Personal information
- Full name: Iban Zubiaurre Urrutia
- Date of birth: 22 January 1983 (age 42)
- Place of birth: Mendaro, Spain
- Height: 1.76 m (5 ft 9 in)
- Position: Right-back

Youth career
- Real Sociedad

Senior career*
- Years: Team / Apps / (Gls)
- 2000–2005: Real Sociedad B / 53 / (2)
- 2004–2005: Real Sociedad / 14 / (0)
- 2006–2013: Athletic Bilbao / 2 / (0)
- 2008–2009: → Elche (loan) / 23 / (1)
- 2010–2011: → Albacete (loan) / 10 / (0)
- 2012–2013: → Salamanca (loan) / 33 / (3)
- 2013: Racing Santander / 0 / (0)
- Total:  / 135 / (6)

International career
- 1999–2000: Spain U16 / 8 / (0)
- 2001: Spain U17 / 3 / (0)
- 2001: Spain U18 / 5 / (0)
- 2002: Spain U19 / 5 / (0)
- 2005: Spain U21 / 1 / (0)

= Iban Zubiaurre =

Spanish retired footballer (born 1983)

Iban Zubiaurre Urrutia (born 22 January 1983) is a Spanish former professional footballer who played as a right-back.

==Club career==
Zubiaurre was born in Mendaro, Gipuzkoa. After making his Real Sociedad first-team debut during the 2004–05 season, he achieved notoriety as a result of a lawsuit in which his first club prevented him from playing for Athletic Bilbao for 14 months, due to an alleged contractual dispute in his transfer between the two Basque sides.

Zubiaurre, who represented Real Sociedad at youth level, was introduced as a new Athletic Bilbao player in 2005 by the latter's president Fernando Lamikiz, despite still being under contract. He was without the legal ability to terminate it, having a year left to run and a buyout clause of €33 million (the former had activated a one-season optional extension to the deal, while the latter asserted that he was a free agent). Real insisted that Athletic pay the entire amount, with the player not being allowed to play professional football during the subsequent legal battle; SCD Durango, a regional side, requested to field him but were denied permission.

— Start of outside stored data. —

definition Pset :: "real \<Rightarrow> (('d::finite) path \<Rightarrow> real \<Rightarrow> 'd mat set) \<Rightarrow> real \<Rightarrow> 'd path \<Rightarrow> 'd path measure set" where
  "Pset T D t \<omega> = {P \<in> PbarS T t. \<exists>\<delta>>0. Pgood T D t \<omega> P \<delta>}"

(* deg(t,\<omega>,P) = (\<delta>*/2) \<and> 1, \<delta>* possibly +\<infinity> *)
definition deg :: "real \<Rightarrow> (('d::finite) path \<Rightarrow> real \<Rightarrow> 'd mat set) \<Rightarrow> real \<Rightarrow> 'd path \<Rightarrow> 'd path measure \<Rightarrow> real" where
  "deg T D t \<omega> P = real_of_ereal (min (Sup {ereal \<delta> | \<delta>. \<delta> > 0 \<and> Pgood T D t \<omega> P \<delta>} / 2) 1)"

definition Vt :: "real \<Rightarrow> (('d::finite) path \<Rightarrow> real \<Rightarrow> 'd mat set) \<Rightarrow> ('d path \<Rightarrow> real) \<Rightarrow> real \<Rightarrow> 'd path \<Rightarrow> real" where
  "Vt T D \<xi> t \<omega> = (SUP P \<in> Pset T D t \<omega>. integral\<^sup>L P (\<lambda>\<omega>'. \<xi> (concat T t \<omega> \<omega>')))"

definition UCb :: "real \<Rightarrow> (('d::finite) path \<Rightarrow> real) set" where
  "UCb T = {\<xi>. (\<exists>C. \<forall>\<omega>\<in>Omega T 0. \<bar>\<xi> \<omega>\<bar> \<le> C) \<and>
     (\<forall>e>0. \<exists>\<delta>>0. \<forall>\<omega>\<in>Omega T 0. \<forall>\<omega>'\<in>Omega T 0.
        (\<forall>u\<in>{0..T}. norm (\<omega> u - \<omega>' u) \<le> \<delta>) \<longrightarrow> \<bar>\<xi> \<omega> - \<xi> \<omega>'\<bar> \<le> e)}"

definition D_progressive :: "real \<Rightarrow> (('d::finite) path \<Rightarrow> real \<Rightarrow> 'd mat set) \<Rightarrow> bool" where
  "D_progressive T D \<longleftrightarrow> (\<forall>r\<in>{0..T}. \<forall>G. open G \<longrightarrow>
     {(u, \<omega>) \<in> {0..r} \<times> Omega T 0. D \<omega> u \<inter> G \<noteq> {}} \<in> sets (restrict_space lborel {0..r} \<Otimes>\<^sub>M FM T 0 r))"

definition D_closed_psd :: "real \<Rightarrow> (('d::finite) path \<Rightarrow> real \<Rightarrow> 'd mat set) \<Rightarrow> bool" where
  "D_closed_psd T D \<longleftrightarrow> (\<forall>\<omega>\<in>Omega T 0. \<forall>u\<in>{0..T}. closed (D \<omega> u) \<and> D \<omega> u \<subseteq> {A. psd A})"

definition D_unif_cont :: "real \<Rightarrow> (('d::finite) path \<Rightarrow> real \<Rightarrow> 'd mat set) \<Rightarrow> bool" where
  "D_unif_cont T D \<longleftrightarrow> (\<forall>\<delta>>0. \<forall>t\<in>{0..T}. \<forall>\<omega>\<in>Omega T 0. \<exists>\<epsilon>>0. \<forall>\<omega>'\<in>Omega T 0.
     (\<forall>u\<in>{0..t}. norm (\<omega> u - \<omega>' u) \<le> \<epsilon>) \<longrightarrow>
     (\<forall>u\<in>{t..T}. \<forall>\<omega>''\<in>Omega T t.
        IntD \<delta> (D (concat T t \<omega> \<omega>'') u) \<subseteq> IntD \<epsilon> (D (concat T t \<omega>' \<omega>'') u)))"

end

theory Submission
  imports Defs
begin

(* Locally, at every history w = omega_bar (x)_s omega we
   pick an epsilon-optimal law P in P(t,w); it is admissible with some margin delta, and uniform
   continuity of D yields a radius e > 0 such that P stays admissible, with margin e, for every
   history e-close to w on [0,t] (robust_law, robust_near_optimal_law).  Globally, Omega^s is
   partitioned into countably many F^s_t-measurable pieces, each contained in the [s,t]-ball around
   a centre whose radius is at most epsilon and at most the robustness radius of the centre
   (Omega_ball_partition).  Using the law chosen at the centre on the whole piece gives (i)-(iii),
   the degree bound coming from the uniform margin. *)

(* Uniform closeness
   of continuous paths on [s,t] is therefore decided by countably many evaluations, which is what
   makes the balls used below F^s_t-measurable. *)
definition grid_points :: "real \<Rightarrow> real \<Rightarrow> real set" where
  "grid_points s t = {s, t} \<union> (\<rat> \<inter> {s<..<t})"

lemma countable_grid_points: "countable (grid_points s t)"
  unfolding grid_points_def by (auto intro: countable_rat countable_Int1)

lemma grid_points_subset: "s \<le> t \<Longrightarrow> grid_points s t \<subseteq> {s..t}"
  by (auto simp: grid_points_def)

lemma closure_grid_points: "{s..t} \<subseteq> closure (grid_points s t)"
proof
  fix u assume u: "u \<in> {s..t}"
  show "u \<in> closure (grid_points s t)"
  proof (cases "u = s \<or> u = t")
    case True then show ?thesis by (auto simp: grid_points_def intro: closure_subset[THEN subsetD])
  next
    case False
    with u have "s < u" "u < t" by auto
    show ?thesis unfolding closure_approachable
    proof (intro allI impI)
      fix e :: real assume "e > 0"
      obtain r where r: "r \<in> \<rat>" "max s (u - e) < r" "r < u"
        using Rats_dense_in_real[of "max s (u - e)" u] \<open>s < u\<close> \<open>e > 0\<close> by auto
      then show "\<exists>y\<in>grid_points s t. dist y u < e"
        using \<open>u < t\<close> by (intro bexI[of _ r]) (auto simp: grid_points_def dist_real_def)
    qed
  qed
qed

lemma norm_bound_from_grid_points:
  fixes f :: "real \<Rightarrow> 'a::real_normed_vector"
  assumes "s \<le> t" "continuous_on {s..t} f" "\<forall>u\<in>grid_points s t. norm (f u) \<le> c" "u \<in> {s..t}"
  shows "norm (f u) \<le> c"
proof (rule continuous_on_closure_norm_le[of "grid_points s t"])
  have "closure (grid_points s t) \<subseteq> {s..t}"
    using assms(1) by (intro closure_minimal grid_points_subset) auto
  then show "continuous_on (closure (grid_points s t)) f"
    using assms(2) continuous_on_subset by blast
qed (use assms(3,4) closure_grid_points[of s t] in auto)

lemma sigma_algebra_Ft: "sigma_algebra (Omega T s) (Ft T s t)"
  unfolding Ft_def by (rule sigma_algebra_sigma_sets) auto

(* Sets of paths that stay uniformly close to a reference function at the grid points are
   F^s_t-measurable: they are countable intersections of cylinder sets. *)
lemma Ft_grid_ball:
  assumes "s \<le> t"
  shows "{\<omega>\<in>Omega T s. \<forall>u\<in>grid_points s t. norm (\<omega> u - q u) \<le> c} \<in> Ft T s t"
proof (rule sigma_algebra.sets_Collect_countable_All'[OF sigma_algebra_Ft _ countable_grid_points])
  fix u assume "u \<in> grid_points s t"
  then have "u \<in> {s..t}" using grid_points_subset[OF assms] by auto
  then have "{\<omega>\<in>Omega T s. \<omega> u \<in> cball (q u) c} \<in> Ft T s t" unfolding Ft_def
    by (intro sigma_sets.Basic CollectI exI[of _ u] exI[of _ "cball (q u) c"] conjI refl)
      (auto intro!: borel_closed simp del: mem_cball)
  then show "{\<omega>\<in>Omega T s. norm (\<omega> u - q u) \<le> c} \<in> Ft T s t"
    by (simp add: dist_norm norm_minus_commute)
qed

(* Uniform grid of n+1 nodes on [s,t]; cell s t n u is the index of the node just left of u. *)
definition cell :: "real \<Rightarrow> real \<Rightarrow> nat \<Rightarrow> real \<Rightarrow> nat" where
  "cell s t n u = nat \<lfloor>real n * (u - s) / (t - s)\<rfloor>"

definition node :: "real \<Rightarrow> real \<Rightarrow> nat \<Rightarrow> nat \<Rightarrow> real" where
  "node s t n k = s + real k * (t - s) / real n"
(* Standing assumptions on \<Phi> : [0,\<infinity>[ \<rightarrow> [0,\<infinity>] (only values on [0,\<infinity>[ matter) *)
definition young_like :: "(real \<Rightarrow> ereal) \<Rightarrow> bool" where
  "young_like \<Phi> \<longleftrightarrow>
     (\<forall>x\<ge>0. \<Phi> x \<ge> 0) \<and>
     lsc_on {0..} \<Phi> \<and>
     convex_ext \<Phi> \<and>
     \<Phi> 0 < \<infinity> \<and>
     (\<exists>x0>1. \<Phi> x0 < \<infinity>) \<and>
     (INF x\<in>{0..}. \<Phi> x) = 0 \<and>
     ((\<lambda>x. \<Phi> x / ereal x) \<longlongrightarrow> \<infinity>) at_top"

(* Fenchel-Legendre conjugate \<Phi>*(y) = sup_{x\<ge>0} (x y - \<Phi>(x)); under the standing
   assumptions it is finite, so it is taken real-valued. *)
definition Phi_star :: "(real \<Rightarrow> ereal) \<Rightarrow> real \<Rightarrow> real" where
  "Phi_star \<Phi> y = real_of_ereal (SUP x\<in>{0::real..}. ereal (x * y) - \<Phi> x)"

definition orlicz_heart :: "'w measure \<Rightarrow> (real \<Rightarrow> ereal) \<Rightarrow> ('w \<Rightarrow> real) set" where
  "orlicz_heart M \<Phi> = {X. X \<in> borel_measurable M \<and>
      (\<forall>c>0. (\<integral>\<^sup>+ \<omega>. ennreal (Phi_star \<Phi> (c * \<bar>X \<omega>\<bar>)) \<partial>M) < \<infinity>)}"

definition argmin_set :: "('a \<Rightarrow> real) \<Rightarrow> 'a set \<Rightarrow> 'a set" where
  "argmin_set f D = {p\<in>D. \<forall>q\<in>D. f p \<le> f q}"

end

theory Submission
  imports Defs
begin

Fifteen months after the lawsuit began, a judge ruled that Athletic had to pay Real Sociedad €5 million, and were granted permission to field Zubiaurre for the 2006–07 campaign. He was presented a second time at San Mamés Stadium on 16 November 2006 and was given the number 12 shirt.

On 11 February 2007, Zubiaurre played his first La Liga match for Athletic, appearing against Atlético Madrid as a substitute in a 1–0 away defeat. That was his only game of the season, in which his team avoided relegation on the last matchday.

Zubiaurre also only featured once in 2007–08, in a 2–0 loss at Getafe CF on 31 October 2007. After almost two years on the sidelines, he left in order to gain more playing time, joining Segunda División side Elche CF on a season-long loan.

Returning to Athletic for the 2009–10 campaign, Zubiaurre's season input consisted of 15 minutes against FK Austria Wien (3–0 win at home) in the UEFA Europa League group stage. In July 2010, another loan ensued, also in the second tier, as he signed with Albacete Balompié.

Zubiaurre was deemed surplus to requirements in 2011–12 after the appointment of manager Marcelo Bielsa, alongside teammates Koikili and Aitor Ocio. He remained with the team, however.

Zubiaurre was loaned to UD Salamanca in the Segunda División B for the 2012–13 season. He moved to Racing de Santander in August 2013, being waived after only one month and no matches played.